How many lines in the entries below contain the word "length"? Answer with the number and nothing else.

---------- Recorded data ----------

theorem matsumoto:
  assumes "u \<in> reduced_words n" and "v \<in> reduced_words n" and "perm_of u = perm_of v"
  shows "braid_eq n u v"
proof -
  have "length u = length v"
    using assms by (simp add: reduced_words_def)
  with assms show ?thesis
  proof (induction "length u" arbitrary: u v)
    case 0
    then show ?case by simp
  next
    case (Suc m)
    obtain u' i where u: "u = u' @ [i]"
      using Suc.hyps(2) by (cases u rule: rev_exhaust) auto
    obtain v' j where v: "v = v' @ [j]"
      using Suc.hyps(2) Suc.prems(4) by (cases v rule: rev_exhaust) auto
    have ru: "u' @ [i] \<in> reduced_words n" and rv: "v' @ [j] \<in> reduced_words n"
      and same: "perm_of (u' @ [i]) = perm_of (v' @ [j])"
      using Suc.prems(1-3) u v by simp_all
    have lu: "length u' = m" and lv: "length v' = m"
      using Suc.hyps(2) Suc.prems(4) u v by simp_all
    have IH: "\<And>u v. u \<in> reduced_words n \<Longrightarrow> v \<in> reduced_words n \<Longrightarrow> length u = m
                 \<Longrightarrow> perm_of u = perm_of v \<Longrightarrow> braid_eq n u v"
      using Suc.hyps(1) by (simp add: reduced_words_def)
    consider "i = j" | "i < j" | "j < i"
      by arith
    then show ?case
    proof cases
      case 1
      have "perm_of v' = perm_of u'"
        using same unfolding 1 by (rule perm_of_snoc_cancel[symmetric])
      moreover have "v' \<in> words n"
        using rv by (simp add: reduced_words_def)
      ultimately show ?thesis
        using braid_eq_snoc_reduced[OF IH ru lu] lv unfolding u v 1 by blast
    next
      case 2
      show ?thesis
        unfolding u v by (rule matsumoto_step[OF IH ru lu rv lv same 2])
    next
      case 3
      show ?thesis
        unfolding u v
        by (rule braid_eq_sym, rule matsumoto_step[OF IH rv lv ru lu same[symmetric] 3])
    qed
  qed
qed

section \<open>Simple braids are the reduced words\<close>

definition pairs_lt :: "nat \<Rightarrow> (nat \<times> nat) set" where
  "pairs_lt n = {(p, q). p \<in> {1..n} \<and> q \<in> {1..n} \<and> p < q}"

definition reversal :: "nat \<Rightarrow> nat \<Rightarrow> nat" where
  "reversal n x = (if x \<in> {1..n} then Suc n - x else x)"

definition rotation :: "nat \<Rightarrow> nat \<Rightarrow> nat" where
  "rotation m x = (if x = Suc m then 1 else if x \<in> {1..m} then Suc x else x)"

lemma finite_pairs_lt [simp]: "finite (pairs_lt n)"
  by (rule finite_subset[of _ "{1..n} \<times> {1..n}"]) (auto simp: pairs_lt_def)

----------

Answer to this task - 4